lemma continuous_argument_on_contractible:
  fixes F :: "'a::real_normed_vector \<Rightarrow> complex"
  assumes "continuous_on S F" "contractible S" "\<And>z. z \<in> S \<Longrightarrow> F z \<noteq> 0"
    and "z0 \<in> S" "Im (F z0) = 0" "0 < Re (F z0)"
  obtains \<theta> where "continuous_on S \<theta>" "\<theta> z0 = 0"
    "\<And>z. z \<in> S \<Longrightarrow> F z = of_real (norm (F z)) * cis (\<theta> z)"
proof -
  obtain g where "continuous_on S g" and g: "\<And>z. z \<in> S \<Longrightarrow> F z = exp (g z)"
    using continuous_logarithm_on_contractible[OF assms(1-3)] by blast
  define \<theta> where "\<theta> z = Im (g z - g z0)" for z
  have "continuous_on S \<theta>"
    unfolding \<theta>_def by (intro continuous_intros \<open>continuous_on S g\<close>)
  moreover have "\<theta> z0 = 0"
    by (simp add: \<theta>_def)
  moreover have "F z = of_real (norm (F z)) * cis (\<theta> z)" if "z \<in> S" for z
  proof -
    have "F z = F z0 * exp (g z - g z0)"
      using g[OF that] g[OF \<open>z0 \<in> S\<close>] by (simp add: exp_diff)
    also have "\<dots> = of_real (Re (F z0) * exp (Re (g z - g z0))) * cis (\<theta> z)"
      using assms(5) by (simp add: \<theta>_def exp_eq_polar complex_eq_iff)
    finally have polar: "F z = of_real (Re (F z0) * exp (Re (g z - g z0))) * cis (\<theta> z)" .
    then have "norm (F z) = Re (F z0) * exp (Re (g z - g z0))"
      using assms(6) by (simp add: norm_mult)
    with polar show ?thesis
      by simp
  qed
  ultimately show thesis
    by (rule that)
qed

lemma positive_real_value_on_diagonal:
  fixes F :: "real \<times> real \<Rightarrow> complex"
  assumes "a \<le> b"
    and cont: "continuous_on (ordered_pairs a b) F"
    and nonzero: "\<And>z. z \<in> ordered_pairs a b \<Longrightarrow> F z \<noteq> 0"
    and chord: "Im (F (a, b)) = 0" "0 < Re (F (a, b))"
    and left_edge: "\<And>t. t \<in> {a..b} \<Longrightarrow> 0 \<le> Im (F (a, t))"
    and top_edge: "\<And>t. t \<in> {a..b} \<Longrightarrow> Im (F (t, b)) \<le> 0"
  shows "\<exists>s\<in>{a..b}. Im (F (s, s)) = 0 \<and> 0 < Re (F (s, s))"
proof -
  let ?T = "ordered_pairs a b"
  have ab: "(a, b) \<in> ?T" using \<open>a \<le> b\<close> by (simp add: ordered_pairs_def)
  obtain \<theta> where "continuous_on ?T \<theta>" "\<theta> (a, b) = 0"
    and polar: "\<And>z. z \<in> ?T \<Longrightarrow> F z = of_real (norm (F z)) * cis (\<theta> z)"
    using continuous_argument_on_contractible[OF cont _ nonzero ab chord]
      convex_imp_contractible[OF convex_ordered_pairs] by blast
  have Im_F: "Im (F z) = norm (F z) * sin (\<theta> z)" and norm_pos: "0 < norm (F z)" if "z \<in> ?T" for z
    using arg_cong[OF polar[OF that], of Im] nonzero[OF that] by simp_all
  then have Im_F_nonneg_iff: "0 \<le> Im (F z) \<longleftrightarrow> 0 \<le> sin (\<theta> z)"
    and Im_F_nonpos_iff: "Im (F z) \<le> 0 \<longleftrightarrow> sin (\<theta> z) \<le> 0" if "z \<in> ?T" for z
    using that by (simp_all add: zero_le_mult_iff mult_le_0_iff)
  have cont_path: "continuous_on {a..b} (\<lambda>t. \<theta> (\<gamma> t))"
    if "continuous_on {a..b} \<gamma>" "\<gamma> ` {a..b} \<subseteq> ?T" for \<gamma>
    using continuous_on_compose2 \<open>continuous_on ?T \<theta>\<close> that by blast
  have cont_edges: "continuous_on {a..b} (\<lambda>t. \<theta> (a, t))"
      "continuous_on {a..b} (\<lambda>t. - \<theta> (t, b))"
    and cont_diagonal: "continuous_on {a..b} (\<lambda>t. \<theta> (t, t))"
    by (intro continuous_on_minus cont_path continuous_intros; force simp: ordered_pairs_def)+
  have "0 \<le> sin (\<theta> (a, t))" if "t \<in> {a..b}" for t
    using left_edge[OF that] Im_F_nonneg_iff[of "(a, t)"] that by (simp add: ordered_pairs_def)
  then have "0 \<le> \<theta> (a, a)"
    using continuous_sin_nonneg_imp_range_0_pi[OF _ cont_edges(1), of b a]
      \<open>a \<le> b\<close> \<open>\<theta> (a, b) = 0\<close>
    by simp
  moreover have "0 \<le> sin (- \<theta> (t, b))" if "t \<in> {a..b}" for t
    using top_edge[OF that] Im_F_nonpos_iff[of "(t, b)"] that by (simp add: ordered_pairs_def)
  then have "\<theta> (b, b) \<le> 0"
    using continuous_sin_nonneg_imp_range_0_pi[OF _ cont_edges(2), of a b]
      \<open>a \<le> b\<close> \<open>\<theta> (a, b) = 0\<close>
    by simp
  ultimately obtain s where s: "s \<in> {a..b}" "\<theta> (s, s) = 0"
    using IVT2'[of "\<lambda>t. \<theta> (t, t)" b 0 a] cont_diagonal \<open>a \<le> b\<close> by auto
  moreover from s have "(s, s) \<in> ?T"
    by (simp add: ordered_pairs_def)
  ultimately show ?thesis
    using Im_F[of "(s, s)"] norm_pos[of "(s, s)"] arg_cong[OF polar[of "(s, s)"], of Re] by auto
qed
lemma min_part_gf_step:
  assumes "1 \<le> s" "s \<le> N"
  shows "fps_X * min_part_gf N (s - 1) = (1 - fps_X ^ s) * (min_part_gf N s :: 'a::comm_ring_1 fps)"
proof -
  have "{s-1<..N} = insert s {s<..N}" using assms by auto
  then have tail_step: "tail_prod N (s - 1) = (1 - fps_X ^ s) * (tail_prod N s :: 'a fps)"
    by (simp add: tail_prod_def)
  have "fps_X * min_part_gf N (s - 1) = (fps_X * fps_X ^ (s - 1)) * (tail_prod N (s - 1) :: 'a fps)"
    by (simp add: min_part_gf_def mult.assoc)
  also have "fps_X * fps_X ^ (s - 1) = (fps_X ^ s :: 'a fps)"
    using assms by (simp flip: power_Suc)
  finally show ?thesis
    unfolding tail_step by (simp add: min_part_gf_def mult_ac)
qed

lemma min_part_poly_functional_equation:
  "min_part_poly N * [:1, - fps_X:] =
     pcompose (min_part_poly N) [:0, fps_X:] - monom (fps_X ^ Suc N :: 'a::comm_ring_1 fps) (Suc N)"
proof (rule poly_eqI)
  fix t
  have coeff_mult_linear: "coeff (p * [:1, - fps_X:]) t = coeff p t - (if t = 0 then 0 else fps_X * coeff p (t - 1))"
    for p :: "'a fps poly"
    by (cases t) (simp_all add: coeff_pCons)
  have "min_part_gf N N = (fps_X ^ N :: 'a fps)"
    by (simp add: min_part_gf_def tail_prod_def)
  then show "coeff (min_part_poly N * [:1, - fps_X:]) t =
    coeff (pcompose (min_part_poly N) [:0, fps_X:] - monom (fps_X ^ Suc N :: 'a fps) (Suc N)) t"
    unfolding coeff_mult_linear using min_part_gf_step[of t N]
    by (cases "t = 0"; cases "t \<le> N")
       (auto simp: coeff_pcompose_scale coeff_min_part_poly poly_0_coeff_0 algebra_simps dest: sym)
qed

lemma pcompose_min_part_poly_scale_cong:
  "[:fps_X ^ Suc N:] dvd pcompose (min_part_poly N) [:0, (fps_X ^ j):] * [:1, - (fps_X ^ Suc j):]
     - pcompose (min_part_poly N) [:0, (fps_X ^ Suc j :: 'a::comm_ring_1 fps):]"
proof -
  let ?P = "min_part_poly N :: 'a fps poly"
  have "pcompose [:1, - fps_X:] [:0, (fps_X ^ j):] = [:1, - (fps_X ^ Suc j :: 'a fps):]"
    by (simp add: pcompose_pCons)
  then have "pcompose ?P [:0, (fps_X ^ j):] * [:1, - (fps_X ^ Suc j):]
      = pcompose (?P * [:1, - fps_X:]) [:0, (fps_X ^ j):]"
    by (simp only: pcompose_mult)
  also have "\<dots> = pcompose ?P [:0, (fps_X ^ Suc j):] - monom (fps_X ^ Suc N * (fps_X ^ j) ^ Suc N) (Suc N)"
    unfolding min_part_poly_functional_equation pcompose_diff pcompose_scale_scale pcompose_monom_scale
    by simp
  also have "monom (fps_X ^ Suc N * (fps_X ^ j) ^ Suc N) (Suc N)
      = [:fps_X ^ Suc N:] * monom ((fps_X ^ j) ^ Suc N :: 'a fps) (Suc N)"
    by (simp add: smult_monom)
  finally have "pcompose ?P [:0, (fps_X ^ j):] * [:1, - (fps_X ^ Suc j):] - pcompose ?P [:0, (fps_X ^ Suc j):]
      = [:fps_X ^ Suc N:] * - monom ((fps_X ^ j) ^ Suc N) (Suc N)"
    by simp
  then show ?thesis by (metis dvd_triv_left)
qed

lemma min_part_poly_mult_prod_cong:
  "[:fps_X ^ Suc N:] dvd min_part_poly N * (\<Prod>k\<in>{1..j}. [:1, - (fps_X ^ k):])
     - pcompose (min_part_poly N) [:0, (fps_X ^ j :: 'a::comm_ring_1 fps):]"
proof (induction j)
  case 0
  then show ?case by simp
next
  case (Suc j)
  let ?P = "min_part_poly N :: 'a fps poly"
  let ?B = "pcompose ?P [:0, (fps_X ^ j):]"
  let ?C = "pcompose ?P [:0, (fps_X ^ Suc j):]"
  let ?L = "[:1, - (fps_X ^ Suc j :: 'a fps):]"
  have regroup: "a * l - c = (a - b) * l + (b * l - c)" for a b l c :: "'a fps poly"
    by (simp add: algebra_simps)
  have prod_Suc: "(\<Prod>k\<in>{1..Suc j}. [:1, - (fps_X ^ k):]) = (\<Prod>k\<in>{1..j}. [:1, - (fps_X ^ k):]) * ?L"
    by (simp only: prod.cl_ivl_Suc) simp
  have "?P * (\<Prod>k\<in>{1..Suc j}. [:1, - (fps_X ^ k):]) - ?C
      = (?P * (\<Prod>k\<in>{1..j}. [:1, - (fps_X ^ k):]) - ?B) * ?L + (?B * ?L - ?C)"
    unfolding prod_Suc mult.assoc[symmetric] by (rule regroup)
  then show ?case
    using Suc.IH pcompose_min_part_poly_scale_cong[of N j] by (simp only:) (intro dvd_add dvd_mult2)
qed

lemma pcompose_min_part_poly_cong:
  "[:fps_X ^ Suc N:] dvd pcompose (min_part_poly N) [:0, (fps_X ^ N):] - [:min_part_gf N 0 :: 'a::comm_ring_1 fps:]"
proof -
  have "pcompose (min_part_poly N) [:0, (fps_X ^ N):] = (\<Sum>s\<le>N. monom (min_part_gf N s * (fps_X ^ N) ^ s :: 'a fps) s)"
    unfolding min_part_poly_def pcompose_sum pcompose_monom_scale ..
  also have "{..N} = insert 0 {1..N}" by auto
  finally have expand: "pcompose (min_part_poly N) [:0, (fps_X ^ N):] - [:min_part_gf N 0:]
      = (\<Sum>s\<in>{1..N}. monom (min_part_gf N s * (fps_X ^ N) ^ s :: 'a fps) s)"
    by (simp add: monom_0)
  have summand: "[:fps_X ^ Suc N:] dvd monom (min_part_gf N s * (fps_X ^ N) ^ s :: 'a fps) s"
    if "s \<in> {1..N}" for s
  proof (rule const_dvd_monom)
    have "1 \<le> s" using that by simp
    then have "N \<le> N * s" by simp
    then have "Suc N \<le> s + N * s" using \<open>1 \<le> s\<close> by linarith
    then have "fps_X ^ Suc N dvd (fps_X ^ (s + N * s) :: 'a fps)" by (rule le_imp_power_dvd)
    then have "fps_X ^ Suc N dvd fps_X ^ (s + N * s) * (tail_prod N s :: 'a fps)" by (rule dvd_mult2)
    also have "\<dots> = min_part_gf N s * (fps_X ^ N) ^ s"
      by (simp add: min_part_gf_def power_add power_mult mult_ac)
    finally show "fps_X ^ Suc N dvd (min_part_gf N s * (fps_X ^ N) ^ s :: 'a fps)" .
  qed
  show ?thesis unfolding expand by (rule dvd_sum) (rule summand)
qed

:: WHAT IS EXPECTED ::
If a line of the data above contains "regroup", copy it out.

:: RESPONSE BELOW ::
  have regroup: "a * l - c = (a - b) * l + (b * l - c)" for a b l c :: "'a fps poly"
    unfolding prod_Suc mult.assoc[symmetric] by (rule regroup)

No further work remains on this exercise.